O presidente Daniel Ortega está a ser acusado de perseguição à Igreja Católica no seu país. Foto © Cancillería del Ecuador
O núncio apostólico (embaixador do Papa), em Manágua, expulso; o canal de televisão da Conferência Episcopal da Nicarágua silenciado e um bispo perseguido pelo regime refugiado numa paróquia. Estes atos dos últimos dois meses dão a ideia do grau de perseguição que o regime do Presidente Daniel Ortega e da sua esposa e vice-presidente Rosario Murillo estão a fazer à Igreja Católica.
No início de março último, o regime que há mais de uma década vem calando as vozes dissonantes e que se mantém no poder através de eleições cuja validade a comunidade internacional não reconhece, expulsou o representante papal, o polaco Waldemar Stanislaw Sommertag.
Algo de parecido não se registava desde os tempos de Mao Tse-Tung, que procedeu de igual modo, em 1951.
Na última sexta-feira, 20, o Governo, através do Instituto Nicaraguense de Telecomunicações e Correios (Telcor) invocou questões de natureza administrativa para encerrar o Canal 51, da rede de televisão por cabo dos bispos nicaraguenses, que se encontrava sob a responsabilidade de Rolando Álvarez Lagos, bispo da diocese de Matagalpa, administrador apostólico da Diocese de Estelí e com o pelouro da comunicação no âmbito da Conferência Episcopal.
No dia anterior, este mesmo bispo, segundo informou num vídeo publicado no Facebook, tinha sido perseguido sistematicamente, de manhã até à noite, pela polícia sandinista. Depois de várias peripécias, isso levou-o a refugiar-se na paróquia de Santo Cristo de Esquipulas, nos arredores de Manágua.
Dado que este foi o culminar de perseguições da polícia e de grupos paramilitares, o prelado anunciou ter decidido iniciar naquele local, por tempo indefinido, um jejum de protesto e de oração.
Numa conferência de imprensa improvisada, em que esteve a agência EFE, o bispo foi claro: “O que eu acho é que não só de mim, mas dos pastores da igreja em geral”, o que o Governo quer “é uma Igreja muda, que não anuncie a esperança do povo (…) e [faça] a denúncia do pecado pessoal e das estruturas de injustiça”. No entanto, acrescentou, “se a Igreja se calasse, as pedras gritariam”.
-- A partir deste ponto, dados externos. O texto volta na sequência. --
(* Let $z\colon\mathbf c^\circ\to\mathbf c^\bullet=\mu_k\mathbf c^\circ$ be a forward mutation at a vertex $k$ in $\mathrm{CEG}(\mathcal Q)$, and identify the vertex sets of $Q_{\mathbf c^\circ}$ and $Q_{\mathbf c^\bullet}$ (the vertex $k$ corresponding to the mutated object) as a common set $Q_0$. Let $t^\circ_l$ and $t^\bullet_l$ ($l\in Q_0$) be the local twists at $\mathbf c^\circ$ and $\mathbf c^\bullet$ respectively, and let $\mathrm{conj}_z\colon\pi_1(\mathrm{ceg}(\mathcal Q),\mathbf c^\circ)\to\pi_1(\mathrm{ceg}(\mathcal Q),\mathbf c^\bullet)$, $t\mapsto z^{-1}tz$. Then for every $l\in Q_0$, $$\mathrm{conj}_z(t^\circ_l)=\begin{cases}(t^\bullet_k)^{-1}\,t^\bullet_l\,t^\bullet_k & \text{if there are arrows from } l \text{ to } k \text{ in } Q_{\mathbf c^\circ},\\ t^\bullet_l&\text{otherwise.}\end{cases}$$ Consequently $\mathrm{conj}_z$ restricts to an isomorphism $\mathrm{CBr}(\mathbf c^\circ)\cong\mathrm{CBr}(\mathbf c^\bullet)$.
   Context: Let $(Q,W)$ be a non-degenerate quiver with potential: $Q$ has no loops or oriented 2-cycles and every quiver with potential obtained from it by iterated Derksen–Weyman–Zelevinsky mutation again has none. Let $\Gamma=\Gamma(Q,W)$ be its Ginzburg dg algebra (degree 3, Jacobi-finite) and $\mathcal C(\Gamma)=\operatorname{per}\Gamma/D_{fd}(\Gamma)$ its cluster category. A cluster is a cluster tilting set in $\mathcal C(\Gamma)$; $Q_{\mathbf c}$ is the Gabriel quiver of $\operatorname{End}(\bigoplus_{M\in\mathbf c}M)$, with vertices the objects of $\mathbf c$; mutation of clusters induces quiver mutation. $\mathbf c_\Gamma$ is the canonical cluster, $\mathcal Q$ the mutation class of $(Q,W)$. $\underline{\mathrm{CEG}}(\mathcal Q)$: vertices the clusters reachable from $\mathbf c_\Gamma$ by mutation, edges mutations; $\mathrm{CEG}(\mathcal Q)$ replaces each edge $\mathbf c-\mu_i\mathbf c$ by oriented edges $\mathbf c\to\mu_i\mathbf c$ and $\mu_i\mathbf c\to\mathbf c$ (forward mutations). Paths compose left to right. The local twist $t_i$ at $\mathbf c$ is the loop $\mathbf c\to\mu_i\mathbf c\to\mathbf c$ of the two forward mutations of the edge $\mu_i$. The cluster exchange groupoid $\mathrm{ceg}(\mathcal Q)$ is the quotient of the path groupoid of $\mathrm{CEG}(\mathcal Q)$ by the following relations, imposed for every cluster $\mathbf c$ and ordered pair of distinct vertices $i,j$ of $Q_{\mathbf c}$ with no arrow from $i$ to $j$. Put $\mathbf c'=\mu_j\mathbf c$; in the path $\mu_i\mathbf c-\mathbf c-\mathbf c'-\mu_i\mathbf c'$ write $x$ for forward mutations in the direction $\mu_i\mathbf c\to\mathbf c\to\mathbf c'\to\mu_i\mathbf c'$ and $y$ for those in the opposite direction. (1) $x^2y=yx^2$ (morphisms $\mathbf c\to\mathbf c'$). (2) If also no arrow from $j$ to $i$, the clusters $\mathbf c,\mu_j\mathbf c,\mu_i\mu_j\mathbf c=\mu_j\mu_i\mathbf c,\mu_i\mathbf c$ form a 4-cycle; with $x$ labelling forward mutations around it in the direction starting $\mathbf c\to\mu_j\mathbf c$ and $y$ the other direction, impose $x^2=y^2$. (3) If exactly one arrow from $j$ to $i$, alternately mutating at $i,j$ gives a 5-cycle; with analogous labelling impose $x^2=y^3$. The cluster braid group $\mathrm{CBr}(\mathbf c)$ is the subgroup of $\pi_1(\mathrm{ceg}(\mathcal Q),\mathbf c)$ generated by the local twists $t_i$, $i$ a vertex of $Q_{\mathbf c}$. *)

theory Defs
  imports "HOL-Algebra.Group" "HOL-Algebra.Generated_Groups"
begin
Padres e leigos da diocese de Matagalpa emitiram, entretanto, um comunicado de solidariedade com o seu bispo, em que sublinham: “A nossa Igreja entende que a situação do país não é das melhores para expressar o pensamento em voz alta, a perseguição sofrida por nossos irmãos, como a de nosso bispo Dom Rolando José Álvarez, visa silenciá-la no seu serviço à verdade.”
Várias fontes não têm dúvidas em estabelecer uma relação direta entre a denúncia de perseguição feita pelo bispo e a decisão de encerrar o canal da Igreja. Diante da situação, os religiosos iniciaram um dia de jejum e oração para pedir o fim da perseguição contra a Igreja Católica que se gerou nos últimos dias.
Comentando a situação, o site romano Il Sismografo, que acompanha a atualidade religiosa no mundo, escreve que a Igreja na Nicarágua “tem estado, há vários anos, num crescendo insuportável, no centro de verdadeiras campanhas governamentais com o objetivo de intimidá-la, silenciá-la, eliminá-la, a ponto de se tornar, nas últimas semanas, uma das comunidades católicas mais perseguidas do mundo”.
Il Sismograf comenta ainda que o Papa e a diplomacia vaticana, sempre apelando para o argumento usual de que “o diálogo é sempre melhor que a rutura”, tentaram minimizar por muito tempo, muito tempo, o que aconteceu na Nicarágua, desde a crise de 2016, na qual foram mortos nas várias ondas repressivas mais de 400 pessoas e milhares acabaram na prisão ou em prisão domiciliária”.